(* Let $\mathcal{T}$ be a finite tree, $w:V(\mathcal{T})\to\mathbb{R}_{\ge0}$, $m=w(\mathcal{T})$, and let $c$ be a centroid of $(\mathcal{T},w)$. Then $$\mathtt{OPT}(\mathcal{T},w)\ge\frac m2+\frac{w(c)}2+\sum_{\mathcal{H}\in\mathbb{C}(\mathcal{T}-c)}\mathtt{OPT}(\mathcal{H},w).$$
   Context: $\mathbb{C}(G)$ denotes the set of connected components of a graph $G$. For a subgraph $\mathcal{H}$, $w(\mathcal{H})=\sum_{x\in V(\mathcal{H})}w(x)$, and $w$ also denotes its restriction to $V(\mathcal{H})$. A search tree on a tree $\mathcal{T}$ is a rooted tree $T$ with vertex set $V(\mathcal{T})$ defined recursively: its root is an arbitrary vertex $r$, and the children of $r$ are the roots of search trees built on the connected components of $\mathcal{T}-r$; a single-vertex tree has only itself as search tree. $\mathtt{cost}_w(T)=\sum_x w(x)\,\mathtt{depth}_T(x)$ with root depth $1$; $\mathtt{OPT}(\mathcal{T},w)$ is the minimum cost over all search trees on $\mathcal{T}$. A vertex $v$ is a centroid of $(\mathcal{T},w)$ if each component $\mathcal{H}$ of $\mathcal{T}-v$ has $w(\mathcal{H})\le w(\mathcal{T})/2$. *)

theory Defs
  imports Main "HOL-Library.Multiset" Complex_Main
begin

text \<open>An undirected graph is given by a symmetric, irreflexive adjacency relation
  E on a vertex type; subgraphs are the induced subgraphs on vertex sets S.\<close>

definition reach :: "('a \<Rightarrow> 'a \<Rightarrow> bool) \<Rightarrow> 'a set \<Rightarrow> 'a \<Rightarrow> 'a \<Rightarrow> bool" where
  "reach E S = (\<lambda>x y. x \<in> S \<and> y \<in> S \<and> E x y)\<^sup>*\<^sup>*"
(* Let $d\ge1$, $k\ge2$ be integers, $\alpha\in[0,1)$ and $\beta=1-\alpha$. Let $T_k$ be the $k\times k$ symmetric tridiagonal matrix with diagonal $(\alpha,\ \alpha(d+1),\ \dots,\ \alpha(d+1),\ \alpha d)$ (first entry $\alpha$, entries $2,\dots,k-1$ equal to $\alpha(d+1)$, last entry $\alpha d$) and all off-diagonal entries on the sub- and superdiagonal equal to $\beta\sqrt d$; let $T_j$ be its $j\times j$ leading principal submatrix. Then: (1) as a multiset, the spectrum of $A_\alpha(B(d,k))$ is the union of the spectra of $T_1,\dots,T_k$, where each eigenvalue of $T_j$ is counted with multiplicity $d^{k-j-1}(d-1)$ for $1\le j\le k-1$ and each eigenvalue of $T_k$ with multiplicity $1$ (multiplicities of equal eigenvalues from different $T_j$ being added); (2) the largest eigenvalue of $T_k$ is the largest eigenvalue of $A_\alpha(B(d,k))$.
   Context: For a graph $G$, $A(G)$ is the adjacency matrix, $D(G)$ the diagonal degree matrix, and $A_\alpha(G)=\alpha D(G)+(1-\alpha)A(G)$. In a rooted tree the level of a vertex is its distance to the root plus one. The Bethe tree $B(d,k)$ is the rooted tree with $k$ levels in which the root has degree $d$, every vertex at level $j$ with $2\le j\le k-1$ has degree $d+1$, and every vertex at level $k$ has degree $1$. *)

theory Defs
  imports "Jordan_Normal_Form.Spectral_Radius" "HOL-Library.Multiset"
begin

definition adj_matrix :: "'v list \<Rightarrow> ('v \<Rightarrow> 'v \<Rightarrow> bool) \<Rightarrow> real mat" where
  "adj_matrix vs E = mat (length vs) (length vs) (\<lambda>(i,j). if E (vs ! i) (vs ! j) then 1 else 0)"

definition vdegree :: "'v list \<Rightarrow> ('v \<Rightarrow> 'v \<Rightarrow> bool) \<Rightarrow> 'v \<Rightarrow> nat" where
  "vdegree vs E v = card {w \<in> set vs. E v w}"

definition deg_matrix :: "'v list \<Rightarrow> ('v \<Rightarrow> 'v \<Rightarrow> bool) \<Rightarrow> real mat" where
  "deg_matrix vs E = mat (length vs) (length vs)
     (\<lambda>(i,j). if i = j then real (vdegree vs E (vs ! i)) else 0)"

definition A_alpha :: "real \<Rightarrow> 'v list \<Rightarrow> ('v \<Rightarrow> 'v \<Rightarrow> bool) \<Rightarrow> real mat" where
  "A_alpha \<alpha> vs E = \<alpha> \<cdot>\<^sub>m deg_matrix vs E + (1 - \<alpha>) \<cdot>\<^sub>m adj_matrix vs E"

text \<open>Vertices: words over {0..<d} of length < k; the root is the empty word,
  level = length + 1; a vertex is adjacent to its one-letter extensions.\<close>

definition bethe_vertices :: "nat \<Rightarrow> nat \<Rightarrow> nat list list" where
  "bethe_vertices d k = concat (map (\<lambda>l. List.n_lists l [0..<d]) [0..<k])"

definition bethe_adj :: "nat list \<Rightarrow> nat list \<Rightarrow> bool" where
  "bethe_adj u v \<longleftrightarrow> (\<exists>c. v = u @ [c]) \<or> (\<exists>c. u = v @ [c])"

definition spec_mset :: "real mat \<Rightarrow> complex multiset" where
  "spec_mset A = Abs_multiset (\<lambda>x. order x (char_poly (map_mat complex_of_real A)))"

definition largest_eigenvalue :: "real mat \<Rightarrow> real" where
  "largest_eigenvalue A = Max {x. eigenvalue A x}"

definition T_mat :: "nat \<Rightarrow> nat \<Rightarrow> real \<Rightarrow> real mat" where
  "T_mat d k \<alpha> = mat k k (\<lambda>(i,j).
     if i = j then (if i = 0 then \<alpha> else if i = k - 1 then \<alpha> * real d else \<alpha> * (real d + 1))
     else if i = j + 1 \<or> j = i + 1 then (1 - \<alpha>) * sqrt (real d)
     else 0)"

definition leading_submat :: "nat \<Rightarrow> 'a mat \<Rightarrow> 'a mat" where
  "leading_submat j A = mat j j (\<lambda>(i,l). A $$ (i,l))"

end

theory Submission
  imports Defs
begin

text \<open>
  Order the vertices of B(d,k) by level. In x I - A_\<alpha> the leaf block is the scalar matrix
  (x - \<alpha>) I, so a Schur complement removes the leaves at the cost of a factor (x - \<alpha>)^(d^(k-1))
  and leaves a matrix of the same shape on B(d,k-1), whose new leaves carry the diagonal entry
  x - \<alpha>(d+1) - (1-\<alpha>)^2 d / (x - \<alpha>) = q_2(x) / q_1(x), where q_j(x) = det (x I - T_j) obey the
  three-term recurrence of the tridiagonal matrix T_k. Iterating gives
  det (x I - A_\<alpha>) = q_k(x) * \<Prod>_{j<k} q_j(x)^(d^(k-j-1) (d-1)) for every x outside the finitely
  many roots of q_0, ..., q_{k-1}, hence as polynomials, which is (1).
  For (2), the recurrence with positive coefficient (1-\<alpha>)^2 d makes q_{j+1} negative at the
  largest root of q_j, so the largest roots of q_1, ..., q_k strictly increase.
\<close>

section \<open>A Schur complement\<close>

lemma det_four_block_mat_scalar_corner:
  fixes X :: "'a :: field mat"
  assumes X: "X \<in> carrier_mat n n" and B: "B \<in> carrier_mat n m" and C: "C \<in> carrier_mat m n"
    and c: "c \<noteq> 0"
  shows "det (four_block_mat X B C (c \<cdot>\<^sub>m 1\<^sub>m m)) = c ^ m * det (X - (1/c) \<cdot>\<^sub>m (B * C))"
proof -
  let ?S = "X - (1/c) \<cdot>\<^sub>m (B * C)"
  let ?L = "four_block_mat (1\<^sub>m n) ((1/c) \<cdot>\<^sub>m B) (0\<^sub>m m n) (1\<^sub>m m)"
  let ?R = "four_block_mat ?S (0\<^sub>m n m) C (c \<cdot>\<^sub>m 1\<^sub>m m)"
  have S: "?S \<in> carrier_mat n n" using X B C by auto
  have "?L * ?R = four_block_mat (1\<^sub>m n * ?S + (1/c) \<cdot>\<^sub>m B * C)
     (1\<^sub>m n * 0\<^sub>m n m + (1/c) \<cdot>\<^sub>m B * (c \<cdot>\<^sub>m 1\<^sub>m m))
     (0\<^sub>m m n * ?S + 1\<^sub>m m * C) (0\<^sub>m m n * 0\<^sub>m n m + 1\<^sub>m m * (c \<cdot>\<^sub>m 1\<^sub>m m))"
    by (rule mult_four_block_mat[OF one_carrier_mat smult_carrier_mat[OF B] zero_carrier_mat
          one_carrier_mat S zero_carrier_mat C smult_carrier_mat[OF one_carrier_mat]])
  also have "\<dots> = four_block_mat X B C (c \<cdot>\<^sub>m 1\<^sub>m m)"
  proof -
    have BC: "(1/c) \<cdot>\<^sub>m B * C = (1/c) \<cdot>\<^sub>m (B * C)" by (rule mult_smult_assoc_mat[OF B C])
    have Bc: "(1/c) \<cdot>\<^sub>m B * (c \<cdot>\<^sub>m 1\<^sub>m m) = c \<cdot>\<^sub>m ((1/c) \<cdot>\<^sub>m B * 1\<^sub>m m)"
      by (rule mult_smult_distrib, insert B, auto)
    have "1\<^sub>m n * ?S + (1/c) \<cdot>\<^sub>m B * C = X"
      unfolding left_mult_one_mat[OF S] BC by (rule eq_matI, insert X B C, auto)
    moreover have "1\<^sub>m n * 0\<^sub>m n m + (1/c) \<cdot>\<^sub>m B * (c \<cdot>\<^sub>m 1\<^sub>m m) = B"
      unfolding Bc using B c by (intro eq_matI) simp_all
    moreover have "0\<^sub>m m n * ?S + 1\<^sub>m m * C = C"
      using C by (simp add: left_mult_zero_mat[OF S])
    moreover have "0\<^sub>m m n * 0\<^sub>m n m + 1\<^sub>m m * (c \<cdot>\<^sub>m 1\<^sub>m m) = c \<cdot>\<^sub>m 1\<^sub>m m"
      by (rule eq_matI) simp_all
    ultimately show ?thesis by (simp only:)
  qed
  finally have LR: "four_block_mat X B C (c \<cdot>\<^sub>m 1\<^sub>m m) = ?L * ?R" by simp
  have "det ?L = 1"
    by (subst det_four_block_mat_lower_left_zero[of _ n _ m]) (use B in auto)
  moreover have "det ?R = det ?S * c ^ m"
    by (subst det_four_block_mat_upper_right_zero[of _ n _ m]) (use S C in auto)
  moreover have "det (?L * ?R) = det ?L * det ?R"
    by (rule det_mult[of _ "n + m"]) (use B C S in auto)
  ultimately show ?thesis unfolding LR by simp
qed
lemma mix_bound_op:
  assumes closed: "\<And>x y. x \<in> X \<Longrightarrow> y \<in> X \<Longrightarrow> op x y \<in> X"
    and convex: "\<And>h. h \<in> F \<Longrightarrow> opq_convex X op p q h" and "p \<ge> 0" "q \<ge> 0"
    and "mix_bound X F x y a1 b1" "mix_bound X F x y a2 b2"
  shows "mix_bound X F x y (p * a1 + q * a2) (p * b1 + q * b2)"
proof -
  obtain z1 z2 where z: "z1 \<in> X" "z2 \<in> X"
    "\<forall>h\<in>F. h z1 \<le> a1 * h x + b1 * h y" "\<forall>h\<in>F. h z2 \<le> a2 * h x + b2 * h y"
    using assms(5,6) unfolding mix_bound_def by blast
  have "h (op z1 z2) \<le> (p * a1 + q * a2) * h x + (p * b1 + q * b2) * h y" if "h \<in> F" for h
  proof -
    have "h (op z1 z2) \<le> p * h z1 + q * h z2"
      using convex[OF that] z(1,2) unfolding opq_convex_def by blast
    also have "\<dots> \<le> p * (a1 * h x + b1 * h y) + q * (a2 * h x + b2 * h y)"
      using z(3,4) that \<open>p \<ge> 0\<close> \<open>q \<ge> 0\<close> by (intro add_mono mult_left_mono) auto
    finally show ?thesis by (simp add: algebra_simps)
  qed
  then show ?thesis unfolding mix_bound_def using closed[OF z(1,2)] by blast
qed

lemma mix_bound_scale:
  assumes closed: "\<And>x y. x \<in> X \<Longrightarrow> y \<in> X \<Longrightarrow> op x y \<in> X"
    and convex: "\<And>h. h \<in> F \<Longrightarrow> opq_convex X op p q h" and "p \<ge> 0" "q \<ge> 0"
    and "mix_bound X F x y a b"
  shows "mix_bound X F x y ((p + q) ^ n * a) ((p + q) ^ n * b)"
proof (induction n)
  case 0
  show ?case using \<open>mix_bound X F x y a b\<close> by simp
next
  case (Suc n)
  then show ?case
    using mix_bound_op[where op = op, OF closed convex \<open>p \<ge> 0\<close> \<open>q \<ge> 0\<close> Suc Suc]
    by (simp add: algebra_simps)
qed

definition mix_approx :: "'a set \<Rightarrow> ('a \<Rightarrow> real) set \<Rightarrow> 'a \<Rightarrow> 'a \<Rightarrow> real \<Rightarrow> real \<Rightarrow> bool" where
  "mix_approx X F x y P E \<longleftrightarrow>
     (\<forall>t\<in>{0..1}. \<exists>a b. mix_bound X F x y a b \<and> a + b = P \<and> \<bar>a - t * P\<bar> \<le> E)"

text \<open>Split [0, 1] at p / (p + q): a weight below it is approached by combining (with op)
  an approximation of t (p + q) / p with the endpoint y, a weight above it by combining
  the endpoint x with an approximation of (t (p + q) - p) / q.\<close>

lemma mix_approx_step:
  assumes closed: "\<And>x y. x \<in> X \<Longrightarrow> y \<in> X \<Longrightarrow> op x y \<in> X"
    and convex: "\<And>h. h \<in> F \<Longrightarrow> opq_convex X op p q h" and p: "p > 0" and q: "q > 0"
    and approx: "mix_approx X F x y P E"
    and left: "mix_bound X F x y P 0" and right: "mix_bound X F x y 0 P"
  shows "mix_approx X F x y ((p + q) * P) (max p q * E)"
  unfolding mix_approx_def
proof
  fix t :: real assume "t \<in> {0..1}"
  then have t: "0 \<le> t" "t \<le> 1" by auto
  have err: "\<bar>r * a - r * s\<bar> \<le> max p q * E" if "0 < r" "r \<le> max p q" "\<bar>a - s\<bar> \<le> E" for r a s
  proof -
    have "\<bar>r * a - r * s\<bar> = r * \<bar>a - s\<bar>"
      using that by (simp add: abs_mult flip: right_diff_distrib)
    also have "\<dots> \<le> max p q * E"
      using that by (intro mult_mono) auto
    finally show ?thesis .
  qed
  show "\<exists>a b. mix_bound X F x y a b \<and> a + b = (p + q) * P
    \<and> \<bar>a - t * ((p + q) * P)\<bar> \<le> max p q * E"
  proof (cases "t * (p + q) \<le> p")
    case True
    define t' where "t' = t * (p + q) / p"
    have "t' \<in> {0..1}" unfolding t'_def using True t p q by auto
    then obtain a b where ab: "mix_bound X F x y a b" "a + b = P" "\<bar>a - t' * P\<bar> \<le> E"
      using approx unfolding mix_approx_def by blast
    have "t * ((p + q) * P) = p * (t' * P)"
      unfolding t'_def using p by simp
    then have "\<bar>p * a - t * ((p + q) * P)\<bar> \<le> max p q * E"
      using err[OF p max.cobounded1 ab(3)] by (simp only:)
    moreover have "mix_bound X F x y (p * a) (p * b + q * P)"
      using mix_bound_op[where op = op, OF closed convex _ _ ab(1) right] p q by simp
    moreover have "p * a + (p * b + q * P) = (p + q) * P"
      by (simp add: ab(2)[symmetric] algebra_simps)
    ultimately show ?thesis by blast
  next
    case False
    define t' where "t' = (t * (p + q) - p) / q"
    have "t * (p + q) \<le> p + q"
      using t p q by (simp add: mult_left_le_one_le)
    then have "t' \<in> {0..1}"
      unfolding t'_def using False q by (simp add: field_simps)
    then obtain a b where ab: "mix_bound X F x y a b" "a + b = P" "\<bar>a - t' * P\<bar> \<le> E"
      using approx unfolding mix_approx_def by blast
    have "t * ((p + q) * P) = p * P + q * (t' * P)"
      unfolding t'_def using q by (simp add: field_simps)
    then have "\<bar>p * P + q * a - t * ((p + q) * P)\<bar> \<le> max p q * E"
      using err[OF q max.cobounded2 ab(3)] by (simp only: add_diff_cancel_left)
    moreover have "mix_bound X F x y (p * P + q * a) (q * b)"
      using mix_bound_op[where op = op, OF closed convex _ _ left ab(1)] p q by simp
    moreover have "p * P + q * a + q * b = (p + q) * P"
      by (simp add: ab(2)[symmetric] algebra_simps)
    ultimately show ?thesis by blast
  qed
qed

▶ [What to do]
Reproduce exactly, and only, the part of the listing above that begins at the line with "(\<lambda>(i,j). if i" and goes on through the line with "concat (map (\<lambda>l.".

▶ [Response to the exercise]
     (\<lambda>(i,j). if i = j then real (vdegree vs E (vs ! i)) else 0)"

definition A_alpha :: "real \<Rightarrow> 'v list \<Rightarrow> ('v \<Rightarrow> 'v \<Rightarrow> bool) \<Rightarrow> real mat" where
  "A_alpha \<alpha> vs E = \<alpha> \<cdot>\<^sub>m deg_matrix vs E + (1 - \<alpha>) \<cdot>\<^sub>m adj_matrix vs E"

text \<open>Vertices: words over {0..<d} of length < k; the root is the empty word,
  level = length + 1; a vertex is adjacent to its one-letter extensions.\<close>

definition bethe_vertices :: "nat \<Rightarrow> nat \<Rightarrow> nat list list" where
  "bethe_vertices d k = concat (map (\<lambda>l. List.n_lists l [0..<d]) [0..<k])"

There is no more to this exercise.